(Stored items)
-------

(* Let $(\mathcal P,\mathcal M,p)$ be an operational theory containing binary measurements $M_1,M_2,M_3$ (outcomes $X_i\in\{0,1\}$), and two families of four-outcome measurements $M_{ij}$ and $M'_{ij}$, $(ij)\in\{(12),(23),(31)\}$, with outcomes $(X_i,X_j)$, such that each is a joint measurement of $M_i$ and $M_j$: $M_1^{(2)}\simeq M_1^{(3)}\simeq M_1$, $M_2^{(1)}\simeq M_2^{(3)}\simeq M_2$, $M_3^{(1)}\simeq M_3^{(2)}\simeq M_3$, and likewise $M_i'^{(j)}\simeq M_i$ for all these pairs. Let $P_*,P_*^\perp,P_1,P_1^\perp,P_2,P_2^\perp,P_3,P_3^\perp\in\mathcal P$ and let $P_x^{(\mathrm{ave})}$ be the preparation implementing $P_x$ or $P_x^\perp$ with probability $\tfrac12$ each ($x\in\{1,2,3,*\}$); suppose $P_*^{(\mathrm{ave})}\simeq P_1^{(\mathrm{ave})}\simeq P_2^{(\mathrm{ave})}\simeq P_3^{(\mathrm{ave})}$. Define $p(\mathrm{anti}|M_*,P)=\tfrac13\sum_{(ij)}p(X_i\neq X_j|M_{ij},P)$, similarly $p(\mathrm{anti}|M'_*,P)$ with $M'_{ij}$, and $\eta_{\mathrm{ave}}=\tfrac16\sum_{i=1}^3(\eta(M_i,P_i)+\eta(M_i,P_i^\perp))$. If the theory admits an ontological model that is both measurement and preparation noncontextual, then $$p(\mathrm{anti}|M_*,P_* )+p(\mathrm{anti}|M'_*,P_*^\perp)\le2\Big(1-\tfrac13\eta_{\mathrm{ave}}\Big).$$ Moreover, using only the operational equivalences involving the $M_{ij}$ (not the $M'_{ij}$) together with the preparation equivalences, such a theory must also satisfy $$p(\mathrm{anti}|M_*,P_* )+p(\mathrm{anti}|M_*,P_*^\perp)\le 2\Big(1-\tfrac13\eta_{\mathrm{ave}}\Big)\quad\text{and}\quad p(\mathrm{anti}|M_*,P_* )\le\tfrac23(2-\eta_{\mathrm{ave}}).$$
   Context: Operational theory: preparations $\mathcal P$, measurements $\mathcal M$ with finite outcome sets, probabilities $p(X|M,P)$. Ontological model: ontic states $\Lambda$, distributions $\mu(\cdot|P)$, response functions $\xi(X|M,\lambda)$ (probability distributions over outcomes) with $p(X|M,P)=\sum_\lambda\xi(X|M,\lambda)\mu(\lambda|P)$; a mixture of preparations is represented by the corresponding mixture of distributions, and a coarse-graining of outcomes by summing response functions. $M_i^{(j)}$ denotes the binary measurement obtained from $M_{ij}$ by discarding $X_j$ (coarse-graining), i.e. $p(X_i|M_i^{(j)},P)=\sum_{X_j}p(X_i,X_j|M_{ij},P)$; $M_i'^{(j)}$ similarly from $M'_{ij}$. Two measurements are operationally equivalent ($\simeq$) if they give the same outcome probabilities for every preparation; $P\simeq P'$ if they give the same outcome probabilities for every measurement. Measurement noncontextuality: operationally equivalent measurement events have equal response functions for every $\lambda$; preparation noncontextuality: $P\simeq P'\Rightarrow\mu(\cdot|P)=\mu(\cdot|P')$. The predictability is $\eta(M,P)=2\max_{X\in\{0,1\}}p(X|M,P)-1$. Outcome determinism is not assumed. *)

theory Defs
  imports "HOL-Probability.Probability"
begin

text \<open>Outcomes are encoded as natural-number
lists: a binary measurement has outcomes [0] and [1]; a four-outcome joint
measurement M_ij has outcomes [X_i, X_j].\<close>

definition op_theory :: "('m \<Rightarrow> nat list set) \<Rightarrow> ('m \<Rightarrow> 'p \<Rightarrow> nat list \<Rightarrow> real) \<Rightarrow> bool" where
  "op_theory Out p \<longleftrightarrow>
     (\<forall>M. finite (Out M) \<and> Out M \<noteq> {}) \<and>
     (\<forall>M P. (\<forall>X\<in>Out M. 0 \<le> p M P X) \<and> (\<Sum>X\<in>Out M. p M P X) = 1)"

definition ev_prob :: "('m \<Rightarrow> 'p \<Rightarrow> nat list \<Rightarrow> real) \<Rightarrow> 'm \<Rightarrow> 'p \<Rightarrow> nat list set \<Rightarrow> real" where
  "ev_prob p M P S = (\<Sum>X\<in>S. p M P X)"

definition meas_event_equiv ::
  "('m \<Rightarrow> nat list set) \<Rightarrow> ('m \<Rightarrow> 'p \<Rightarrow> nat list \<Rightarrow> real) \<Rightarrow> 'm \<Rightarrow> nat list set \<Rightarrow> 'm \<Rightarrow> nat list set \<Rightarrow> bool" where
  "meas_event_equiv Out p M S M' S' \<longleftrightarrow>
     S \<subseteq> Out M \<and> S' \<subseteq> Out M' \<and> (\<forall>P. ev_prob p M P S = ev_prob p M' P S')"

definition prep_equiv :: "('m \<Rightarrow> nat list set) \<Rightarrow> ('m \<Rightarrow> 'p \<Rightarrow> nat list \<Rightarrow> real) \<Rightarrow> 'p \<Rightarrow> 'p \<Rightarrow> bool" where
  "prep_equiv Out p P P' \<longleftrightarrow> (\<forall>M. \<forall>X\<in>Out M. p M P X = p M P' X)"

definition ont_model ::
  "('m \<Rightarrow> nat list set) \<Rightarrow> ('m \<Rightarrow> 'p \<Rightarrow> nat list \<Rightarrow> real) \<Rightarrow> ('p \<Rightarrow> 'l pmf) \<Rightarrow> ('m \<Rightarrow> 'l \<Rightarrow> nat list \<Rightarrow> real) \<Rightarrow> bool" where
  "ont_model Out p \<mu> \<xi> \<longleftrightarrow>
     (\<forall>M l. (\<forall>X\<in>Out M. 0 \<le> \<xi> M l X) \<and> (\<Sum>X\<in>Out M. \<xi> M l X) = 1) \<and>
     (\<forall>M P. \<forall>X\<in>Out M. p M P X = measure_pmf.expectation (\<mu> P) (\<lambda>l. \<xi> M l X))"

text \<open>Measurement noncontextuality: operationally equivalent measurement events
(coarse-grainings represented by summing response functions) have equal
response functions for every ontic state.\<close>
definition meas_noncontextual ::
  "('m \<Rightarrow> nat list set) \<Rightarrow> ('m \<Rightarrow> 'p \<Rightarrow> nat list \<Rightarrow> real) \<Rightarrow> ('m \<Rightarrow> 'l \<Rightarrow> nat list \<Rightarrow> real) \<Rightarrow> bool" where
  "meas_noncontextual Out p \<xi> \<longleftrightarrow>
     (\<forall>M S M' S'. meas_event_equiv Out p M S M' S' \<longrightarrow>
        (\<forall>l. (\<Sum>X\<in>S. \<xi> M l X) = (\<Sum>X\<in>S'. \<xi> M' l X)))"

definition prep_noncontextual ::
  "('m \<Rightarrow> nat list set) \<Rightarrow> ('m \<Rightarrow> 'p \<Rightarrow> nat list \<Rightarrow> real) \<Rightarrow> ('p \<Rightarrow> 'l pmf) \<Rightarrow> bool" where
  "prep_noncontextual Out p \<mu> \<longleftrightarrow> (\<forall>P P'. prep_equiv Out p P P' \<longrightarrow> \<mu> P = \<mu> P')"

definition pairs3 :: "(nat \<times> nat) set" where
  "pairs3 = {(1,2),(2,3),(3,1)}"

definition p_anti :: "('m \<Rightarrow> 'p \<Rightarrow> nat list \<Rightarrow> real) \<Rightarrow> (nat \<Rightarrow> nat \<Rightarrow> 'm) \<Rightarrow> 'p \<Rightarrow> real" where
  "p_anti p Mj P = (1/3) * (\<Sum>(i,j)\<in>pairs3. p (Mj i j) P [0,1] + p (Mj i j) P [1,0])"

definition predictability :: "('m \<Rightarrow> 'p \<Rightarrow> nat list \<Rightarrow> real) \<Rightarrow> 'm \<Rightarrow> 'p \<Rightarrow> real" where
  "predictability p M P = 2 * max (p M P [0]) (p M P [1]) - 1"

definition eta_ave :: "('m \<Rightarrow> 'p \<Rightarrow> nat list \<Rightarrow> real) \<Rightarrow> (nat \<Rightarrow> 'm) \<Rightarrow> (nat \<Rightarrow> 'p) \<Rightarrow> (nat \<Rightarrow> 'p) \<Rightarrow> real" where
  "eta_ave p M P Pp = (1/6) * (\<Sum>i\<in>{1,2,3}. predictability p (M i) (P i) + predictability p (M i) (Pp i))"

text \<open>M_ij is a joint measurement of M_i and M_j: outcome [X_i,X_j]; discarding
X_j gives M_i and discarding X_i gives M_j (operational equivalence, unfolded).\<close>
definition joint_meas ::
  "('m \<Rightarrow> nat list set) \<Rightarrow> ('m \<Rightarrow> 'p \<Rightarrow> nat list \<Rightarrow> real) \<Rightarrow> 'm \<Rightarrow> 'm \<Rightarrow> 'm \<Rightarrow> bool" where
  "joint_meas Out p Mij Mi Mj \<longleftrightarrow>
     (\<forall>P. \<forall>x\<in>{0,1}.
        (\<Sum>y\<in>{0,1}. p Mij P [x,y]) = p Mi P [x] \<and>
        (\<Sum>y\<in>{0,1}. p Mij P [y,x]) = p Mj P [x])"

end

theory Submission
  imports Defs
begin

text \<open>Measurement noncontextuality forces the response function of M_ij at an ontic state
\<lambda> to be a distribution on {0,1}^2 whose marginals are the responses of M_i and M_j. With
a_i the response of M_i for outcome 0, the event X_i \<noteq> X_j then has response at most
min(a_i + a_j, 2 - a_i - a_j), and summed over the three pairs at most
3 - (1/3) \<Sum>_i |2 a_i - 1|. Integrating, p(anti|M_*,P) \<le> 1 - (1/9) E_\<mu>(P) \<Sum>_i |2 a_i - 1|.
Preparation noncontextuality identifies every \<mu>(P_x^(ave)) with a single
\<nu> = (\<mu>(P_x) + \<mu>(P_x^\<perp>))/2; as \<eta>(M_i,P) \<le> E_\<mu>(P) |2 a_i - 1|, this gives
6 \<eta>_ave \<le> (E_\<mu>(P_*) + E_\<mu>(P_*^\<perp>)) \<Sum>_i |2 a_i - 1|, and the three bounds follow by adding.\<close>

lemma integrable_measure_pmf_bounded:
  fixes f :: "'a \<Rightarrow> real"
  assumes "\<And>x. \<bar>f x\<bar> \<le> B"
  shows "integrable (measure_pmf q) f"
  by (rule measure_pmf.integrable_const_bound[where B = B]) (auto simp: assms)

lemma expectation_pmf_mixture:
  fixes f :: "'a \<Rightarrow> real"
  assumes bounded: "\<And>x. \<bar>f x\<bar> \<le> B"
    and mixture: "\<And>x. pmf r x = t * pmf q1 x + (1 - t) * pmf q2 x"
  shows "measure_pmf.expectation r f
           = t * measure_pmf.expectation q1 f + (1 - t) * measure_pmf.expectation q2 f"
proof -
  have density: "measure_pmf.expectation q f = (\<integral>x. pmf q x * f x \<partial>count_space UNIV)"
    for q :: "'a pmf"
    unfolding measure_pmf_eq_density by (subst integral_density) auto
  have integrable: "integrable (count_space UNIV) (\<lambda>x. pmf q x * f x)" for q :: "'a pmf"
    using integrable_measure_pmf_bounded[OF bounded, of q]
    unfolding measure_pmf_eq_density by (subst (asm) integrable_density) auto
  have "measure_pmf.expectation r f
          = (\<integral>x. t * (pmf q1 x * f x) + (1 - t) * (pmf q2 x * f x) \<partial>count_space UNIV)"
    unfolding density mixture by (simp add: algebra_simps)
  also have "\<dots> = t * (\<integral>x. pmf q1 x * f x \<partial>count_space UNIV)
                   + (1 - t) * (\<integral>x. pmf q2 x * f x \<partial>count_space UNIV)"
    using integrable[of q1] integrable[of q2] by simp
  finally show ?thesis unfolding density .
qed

-------

In the records above, find every line with the word "subst" and copy it.

    unfolding measure_pmf_eq_density by (subst integral_density) auto
    unfolding measure_pmf_eq_density by (subst (asm) integrable_density) auto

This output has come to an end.